BEGIN Dataset records

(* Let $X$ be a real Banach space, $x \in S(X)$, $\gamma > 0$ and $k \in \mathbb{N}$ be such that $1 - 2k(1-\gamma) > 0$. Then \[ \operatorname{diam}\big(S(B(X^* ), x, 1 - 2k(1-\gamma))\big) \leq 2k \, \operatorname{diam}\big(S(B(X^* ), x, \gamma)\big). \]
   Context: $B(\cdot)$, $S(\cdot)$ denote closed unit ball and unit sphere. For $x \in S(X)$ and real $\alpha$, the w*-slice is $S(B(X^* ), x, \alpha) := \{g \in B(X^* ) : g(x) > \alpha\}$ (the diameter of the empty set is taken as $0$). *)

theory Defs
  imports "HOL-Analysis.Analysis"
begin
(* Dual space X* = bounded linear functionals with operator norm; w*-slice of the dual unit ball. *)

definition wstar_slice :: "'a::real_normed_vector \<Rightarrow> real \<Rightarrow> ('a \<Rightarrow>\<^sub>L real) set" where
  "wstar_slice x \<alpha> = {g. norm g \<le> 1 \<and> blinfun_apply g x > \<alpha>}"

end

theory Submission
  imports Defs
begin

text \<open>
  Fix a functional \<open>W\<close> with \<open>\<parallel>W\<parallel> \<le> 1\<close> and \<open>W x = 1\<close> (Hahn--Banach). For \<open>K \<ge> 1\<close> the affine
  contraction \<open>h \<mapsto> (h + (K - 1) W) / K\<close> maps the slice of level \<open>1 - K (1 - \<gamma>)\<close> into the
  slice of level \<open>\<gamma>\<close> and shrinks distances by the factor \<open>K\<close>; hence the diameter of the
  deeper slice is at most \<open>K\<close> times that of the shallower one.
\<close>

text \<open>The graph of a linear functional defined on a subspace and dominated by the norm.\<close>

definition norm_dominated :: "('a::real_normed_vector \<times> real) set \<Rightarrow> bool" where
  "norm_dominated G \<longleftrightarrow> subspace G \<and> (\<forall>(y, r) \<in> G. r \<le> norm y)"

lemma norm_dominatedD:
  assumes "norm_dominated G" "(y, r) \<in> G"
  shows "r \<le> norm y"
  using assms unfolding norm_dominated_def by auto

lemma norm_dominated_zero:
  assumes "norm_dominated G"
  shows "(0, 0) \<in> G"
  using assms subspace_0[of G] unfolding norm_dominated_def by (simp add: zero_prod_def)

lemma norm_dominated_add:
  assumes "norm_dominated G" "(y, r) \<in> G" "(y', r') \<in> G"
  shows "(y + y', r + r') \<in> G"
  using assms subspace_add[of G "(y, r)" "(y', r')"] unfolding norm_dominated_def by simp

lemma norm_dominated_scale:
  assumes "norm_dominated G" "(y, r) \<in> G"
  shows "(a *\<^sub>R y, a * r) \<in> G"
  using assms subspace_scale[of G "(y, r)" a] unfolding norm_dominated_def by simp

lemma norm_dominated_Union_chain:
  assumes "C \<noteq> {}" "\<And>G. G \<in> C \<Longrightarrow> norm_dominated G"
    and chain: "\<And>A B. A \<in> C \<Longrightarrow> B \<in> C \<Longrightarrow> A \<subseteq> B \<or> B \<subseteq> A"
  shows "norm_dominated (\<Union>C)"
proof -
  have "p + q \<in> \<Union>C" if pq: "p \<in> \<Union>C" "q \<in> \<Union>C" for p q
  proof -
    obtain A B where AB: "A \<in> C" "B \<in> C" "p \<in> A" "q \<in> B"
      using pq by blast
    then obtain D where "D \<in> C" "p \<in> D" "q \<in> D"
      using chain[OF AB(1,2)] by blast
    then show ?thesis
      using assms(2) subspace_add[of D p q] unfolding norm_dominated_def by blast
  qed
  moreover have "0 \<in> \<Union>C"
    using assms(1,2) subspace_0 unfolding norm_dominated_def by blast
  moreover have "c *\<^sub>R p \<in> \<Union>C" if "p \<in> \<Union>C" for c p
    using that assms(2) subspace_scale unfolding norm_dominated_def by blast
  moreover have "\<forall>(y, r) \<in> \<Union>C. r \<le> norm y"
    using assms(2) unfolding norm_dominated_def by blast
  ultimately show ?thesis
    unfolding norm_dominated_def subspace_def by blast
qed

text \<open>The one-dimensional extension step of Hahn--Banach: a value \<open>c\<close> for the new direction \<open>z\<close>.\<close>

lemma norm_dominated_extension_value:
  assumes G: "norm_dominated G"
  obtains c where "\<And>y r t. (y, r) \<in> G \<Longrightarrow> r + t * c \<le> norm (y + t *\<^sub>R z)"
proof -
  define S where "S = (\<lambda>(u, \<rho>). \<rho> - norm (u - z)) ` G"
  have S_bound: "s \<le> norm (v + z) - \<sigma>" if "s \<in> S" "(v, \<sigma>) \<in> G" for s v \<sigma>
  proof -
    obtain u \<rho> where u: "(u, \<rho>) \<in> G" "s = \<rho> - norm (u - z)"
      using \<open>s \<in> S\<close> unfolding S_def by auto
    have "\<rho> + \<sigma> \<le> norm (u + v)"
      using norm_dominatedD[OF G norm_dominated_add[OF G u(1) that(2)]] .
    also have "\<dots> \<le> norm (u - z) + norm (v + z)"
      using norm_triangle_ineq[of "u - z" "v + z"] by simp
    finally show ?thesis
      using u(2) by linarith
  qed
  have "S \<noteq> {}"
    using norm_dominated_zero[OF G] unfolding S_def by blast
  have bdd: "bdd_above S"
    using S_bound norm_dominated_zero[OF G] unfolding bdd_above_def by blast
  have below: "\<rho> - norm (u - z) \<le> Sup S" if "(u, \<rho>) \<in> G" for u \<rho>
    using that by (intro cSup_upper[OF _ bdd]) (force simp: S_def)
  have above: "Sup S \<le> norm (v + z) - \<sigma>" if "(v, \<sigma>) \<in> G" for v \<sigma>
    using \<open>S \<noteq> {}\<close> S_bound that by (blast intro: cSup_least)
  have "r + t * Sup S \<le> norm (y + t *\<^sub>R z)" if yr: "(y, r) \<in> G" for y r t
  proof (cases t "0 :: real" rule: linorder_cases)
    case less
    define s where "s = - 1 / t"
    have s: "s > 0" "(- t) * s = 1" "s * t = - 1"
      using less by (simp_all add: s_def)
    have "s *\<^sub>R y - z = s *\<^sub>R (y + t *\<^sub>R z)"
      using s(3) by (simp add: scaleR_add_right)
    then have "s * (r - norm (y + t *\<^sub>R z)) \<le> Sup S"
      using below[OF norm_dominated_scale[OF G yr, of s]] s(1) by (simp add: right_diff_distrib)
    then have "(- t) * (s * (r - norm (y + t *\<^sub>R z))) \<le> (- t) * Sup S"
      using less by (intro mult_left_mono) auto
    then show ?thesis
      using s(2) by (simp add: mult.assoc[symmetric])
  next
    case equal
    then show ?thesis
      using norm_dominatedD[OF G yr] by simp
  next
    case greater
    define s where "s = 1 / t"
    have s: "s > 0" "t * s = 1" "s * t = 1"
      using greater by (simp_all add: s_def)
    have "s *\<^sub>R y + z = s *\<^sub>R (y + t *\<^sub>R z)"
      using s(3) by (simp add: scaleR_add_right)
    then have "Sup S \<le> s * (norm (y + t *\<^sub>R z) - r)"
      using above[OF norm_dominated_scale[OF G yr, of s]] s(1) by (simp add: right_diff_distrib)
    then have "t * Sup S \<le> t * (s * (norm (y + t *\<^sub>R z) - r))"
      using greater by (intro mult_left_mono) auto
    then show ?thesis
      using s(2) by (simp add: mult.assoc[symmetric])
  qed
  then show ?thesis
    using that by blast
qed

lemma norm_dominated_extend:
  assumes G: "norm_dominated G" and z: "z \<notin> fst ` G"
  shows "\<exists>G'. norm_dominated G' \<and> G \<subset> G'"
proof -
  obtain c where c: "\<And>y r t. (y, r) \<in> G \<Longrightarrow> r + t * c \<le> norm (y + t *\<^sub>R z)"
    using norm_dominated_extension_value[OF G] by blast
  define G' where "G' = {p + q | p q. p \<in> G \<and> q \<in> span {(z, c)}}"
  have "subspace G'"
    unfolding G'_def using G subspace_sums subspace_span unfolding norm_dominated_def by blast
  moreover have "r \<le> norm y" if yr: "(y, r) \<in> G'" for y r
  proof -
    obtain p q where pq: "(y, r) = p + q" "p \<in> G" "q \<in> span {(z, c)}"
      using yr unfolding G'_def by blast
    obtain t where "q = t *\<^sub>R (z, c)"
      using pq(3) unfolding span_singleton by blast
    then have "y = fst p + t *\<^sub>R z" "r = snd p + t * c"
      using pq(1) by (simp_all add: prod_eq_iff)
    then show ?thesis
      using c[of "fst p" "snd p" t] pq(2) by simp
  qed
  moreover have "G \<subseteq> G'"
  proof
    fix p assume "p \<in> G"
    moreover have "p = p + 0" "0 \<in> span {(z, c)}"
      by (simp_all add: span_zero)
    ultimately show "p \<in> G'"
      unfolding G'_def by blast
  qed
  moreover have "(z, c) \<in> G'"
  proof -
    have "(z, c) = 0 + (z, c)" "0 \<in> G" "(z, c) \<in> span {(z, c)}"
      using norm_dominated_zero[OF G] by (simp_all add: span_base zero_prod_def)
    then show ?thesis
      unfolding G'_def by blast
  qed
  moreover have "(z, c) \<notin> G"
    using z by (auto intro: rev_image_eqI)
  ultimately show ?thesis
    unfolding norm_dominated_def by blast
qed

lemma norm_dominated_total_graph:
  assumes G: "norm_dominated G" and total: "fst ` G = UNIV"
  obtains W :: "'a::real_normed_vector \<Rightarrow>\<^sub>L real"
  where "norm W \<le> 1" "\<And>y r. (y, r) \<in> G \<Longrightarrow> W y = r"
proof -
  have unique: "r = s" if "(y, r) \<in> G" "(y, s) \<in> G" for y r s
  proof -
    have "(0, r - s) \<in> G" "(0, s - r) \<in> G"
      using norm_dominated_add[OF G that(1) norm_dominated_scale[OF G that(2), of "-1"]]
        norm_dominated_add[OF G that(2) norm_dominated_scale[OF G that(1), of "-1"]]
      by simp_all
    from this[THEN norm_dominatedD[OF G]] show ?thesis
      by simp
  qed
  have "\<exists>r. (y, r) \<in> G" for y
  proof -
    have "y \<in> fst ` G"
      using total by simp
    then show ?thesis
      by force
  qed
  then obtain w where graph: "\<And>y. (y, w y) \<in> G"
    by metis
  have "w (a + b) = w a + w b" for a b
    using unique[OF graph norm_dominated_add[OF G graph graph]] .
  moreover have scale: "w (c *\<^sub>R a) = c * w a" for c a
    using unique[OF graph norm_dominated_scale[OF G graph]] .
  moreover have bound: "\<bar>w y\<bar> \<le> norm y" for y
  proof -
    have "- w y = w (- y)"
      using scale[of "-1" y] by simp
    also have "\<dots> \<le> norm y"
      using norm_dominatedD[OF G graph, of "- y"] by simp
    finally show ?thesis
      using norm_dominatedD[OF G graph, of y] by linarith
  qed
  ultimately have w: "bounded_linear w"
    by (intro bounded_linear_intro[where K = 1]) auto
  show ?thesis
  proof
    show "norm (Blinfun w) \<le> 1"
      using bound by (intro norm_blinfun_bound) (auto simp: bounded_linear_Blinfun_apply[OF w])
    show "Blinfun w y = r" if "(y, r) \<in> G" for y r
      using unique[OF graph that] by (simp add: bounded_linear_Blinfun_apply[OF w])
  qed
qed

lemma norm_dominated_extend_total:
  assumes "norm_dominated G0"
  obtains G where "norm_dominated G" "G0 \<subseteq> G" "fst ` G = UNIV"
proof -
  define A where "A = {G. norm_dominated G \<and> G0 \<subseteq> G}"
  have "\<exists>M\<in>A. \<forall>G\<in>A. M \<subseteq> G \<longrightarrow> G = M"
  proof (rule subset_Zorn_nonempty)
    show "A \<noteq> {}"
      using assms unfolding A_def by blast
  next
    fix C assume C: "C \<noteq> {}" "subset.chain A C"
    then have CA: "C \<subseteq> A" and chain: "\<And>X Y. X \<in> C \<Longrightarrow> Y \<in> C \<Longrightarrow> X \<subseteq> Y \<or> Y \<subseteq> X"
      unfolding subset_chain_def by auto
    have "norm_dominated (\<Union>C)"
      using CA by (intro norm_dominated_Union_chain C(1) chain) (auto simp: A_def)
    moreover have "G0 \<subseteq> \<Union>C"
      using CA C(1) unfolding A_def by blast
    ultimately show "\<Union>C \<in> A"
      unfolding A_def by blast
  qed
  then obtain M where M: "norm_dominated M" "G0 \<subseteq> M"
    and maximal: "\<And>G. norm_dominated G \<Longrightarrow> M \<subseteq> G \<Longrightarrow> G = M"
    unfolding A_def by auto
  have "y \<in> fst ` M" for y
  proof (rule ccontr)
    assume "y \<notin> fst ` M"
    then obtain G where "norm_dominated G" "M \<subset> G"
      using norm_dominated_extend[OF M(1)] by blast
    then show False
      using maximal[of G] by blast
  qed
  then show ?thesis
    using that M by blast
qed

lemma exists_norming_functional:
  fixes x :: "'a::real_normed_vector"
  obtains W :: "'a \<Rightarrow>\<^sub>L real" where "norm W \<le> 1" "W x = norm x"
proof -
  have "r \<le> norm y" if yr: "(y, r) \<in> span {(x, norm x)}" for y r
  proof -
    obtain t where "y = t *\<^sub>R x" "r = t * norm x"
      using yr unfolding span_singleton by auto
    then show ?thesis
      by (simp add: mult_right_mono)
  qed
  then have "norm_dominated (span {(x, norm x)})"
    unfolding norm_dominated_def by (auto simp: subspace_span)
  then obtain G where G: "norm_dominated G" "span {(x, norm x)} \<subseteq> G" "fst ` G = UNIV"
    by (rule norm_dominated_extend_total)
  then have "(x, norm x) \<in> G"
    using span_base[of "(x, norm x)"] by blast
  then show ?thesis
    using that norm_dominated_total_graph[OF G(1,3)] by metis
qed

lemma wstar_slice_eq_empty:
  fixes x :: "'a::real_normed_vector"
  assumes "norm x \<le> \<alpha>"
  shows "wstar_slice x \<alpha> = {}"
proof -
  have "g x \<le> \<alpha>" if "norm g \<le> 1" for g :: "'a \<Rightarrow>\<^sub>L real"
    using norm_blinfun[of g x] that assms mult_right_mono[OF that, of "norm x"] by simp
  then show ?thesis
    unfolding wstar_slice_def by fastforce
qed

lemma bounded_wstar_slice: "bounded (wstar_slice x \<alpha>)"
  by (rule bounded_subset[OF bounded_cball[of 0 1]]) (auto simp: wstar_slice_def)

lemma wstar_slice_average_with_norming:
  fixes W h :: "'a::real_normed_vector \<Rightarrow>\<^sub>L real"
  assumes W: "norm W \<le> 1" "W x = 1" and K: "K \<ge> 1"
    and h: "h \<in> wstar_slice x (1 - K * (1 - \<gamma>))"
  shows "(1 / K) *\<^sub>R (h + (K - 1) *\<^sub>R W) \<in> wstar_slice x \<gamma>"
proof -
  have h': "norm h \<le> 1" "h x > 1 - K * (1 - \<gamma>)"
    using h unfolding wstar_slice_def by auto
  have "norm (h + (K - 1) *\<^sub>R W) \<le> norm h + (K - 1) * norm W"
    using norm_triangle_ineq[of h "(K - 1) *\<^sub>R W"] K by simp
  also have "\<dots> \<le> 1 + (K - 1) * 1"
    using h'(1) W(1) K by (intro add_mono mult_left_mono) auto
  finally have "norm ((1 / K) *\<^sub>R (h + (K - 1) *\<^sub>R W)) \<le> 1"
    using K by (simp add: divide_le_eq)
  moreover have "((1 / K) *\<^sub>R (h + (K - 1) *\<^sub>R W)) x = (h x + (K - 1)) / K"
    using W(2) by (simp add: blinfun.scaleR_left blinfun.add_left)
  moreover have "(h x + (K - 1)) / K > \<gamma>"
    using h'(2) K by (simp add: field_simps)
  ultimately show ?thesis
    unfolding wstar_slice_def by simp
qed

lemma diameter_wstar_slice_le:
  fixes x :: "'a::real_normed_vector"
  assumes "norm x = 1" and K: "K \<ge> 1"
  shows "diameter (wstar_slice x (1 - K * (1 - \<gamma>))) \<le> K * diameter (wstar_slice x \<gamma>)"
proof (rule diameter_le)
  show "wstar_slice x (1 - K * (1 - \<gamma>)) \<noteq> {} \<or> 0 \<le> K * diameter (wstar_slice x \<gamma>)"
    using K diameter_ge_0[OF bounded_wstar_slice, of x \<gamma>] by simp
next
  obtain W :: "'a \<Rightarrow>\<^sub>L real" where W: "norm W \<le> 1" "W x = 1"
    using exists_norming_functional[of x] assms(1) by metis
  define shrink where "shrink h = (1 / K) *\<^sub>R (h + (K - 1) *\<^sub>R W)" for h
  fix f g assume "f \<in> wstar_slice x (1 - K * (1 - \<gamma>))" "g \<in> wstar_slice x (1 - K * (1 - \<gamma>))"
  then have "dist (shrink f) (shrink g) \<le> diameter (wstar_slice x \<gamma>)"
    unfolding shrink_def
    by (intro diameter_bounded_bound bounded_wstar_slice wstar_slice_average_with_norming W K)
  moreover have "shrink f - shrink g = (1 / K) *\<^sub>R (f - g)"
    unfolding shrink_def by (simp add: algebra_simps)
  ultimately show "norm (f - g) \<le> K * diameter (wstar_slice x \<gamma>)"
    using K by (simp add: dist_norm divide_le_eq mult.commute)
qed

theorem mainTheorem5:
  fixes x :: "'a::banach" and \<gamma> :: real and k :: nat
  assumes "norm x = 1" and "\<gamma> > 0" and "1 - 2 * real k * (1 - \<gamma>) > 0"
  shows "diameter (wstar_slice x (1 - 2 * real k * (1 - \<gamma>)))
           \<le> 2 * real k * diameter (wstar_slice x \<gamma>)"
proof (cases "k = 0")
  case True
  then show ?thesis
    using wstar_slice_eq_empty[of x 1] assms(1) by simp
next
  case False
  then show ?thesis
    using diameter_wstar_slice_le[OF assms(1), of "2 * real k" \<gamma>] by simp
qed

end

END Dataset records

• Exercise prompt
Everything above from the line containing "W) \<le> norm" down to the line containing "using K by (simp add: divide_le_eq)" is to be transcribed exactly, with both of those lines included and nothing else added.

• Answer for this exercise
  have "norm (h + (K - 1) *\<^sub>R W) \<le> norm h + (K - 1) * norm W"
    using norm_triangle_ineq[of h "(K - 1) *\<^sub>R W"] K by simp
  also have "\<dots> \<le> 1 + (K - 1) * 1"
    using h'(1) W(1) K by (intro add_mono mult_left_mono) auto
  finally have "norm ((1 / K) *\<^sub>R (h + (K - 1) *\<^sub>R W)) \<le> 1"
    using K by (simp add: divide_le_eq)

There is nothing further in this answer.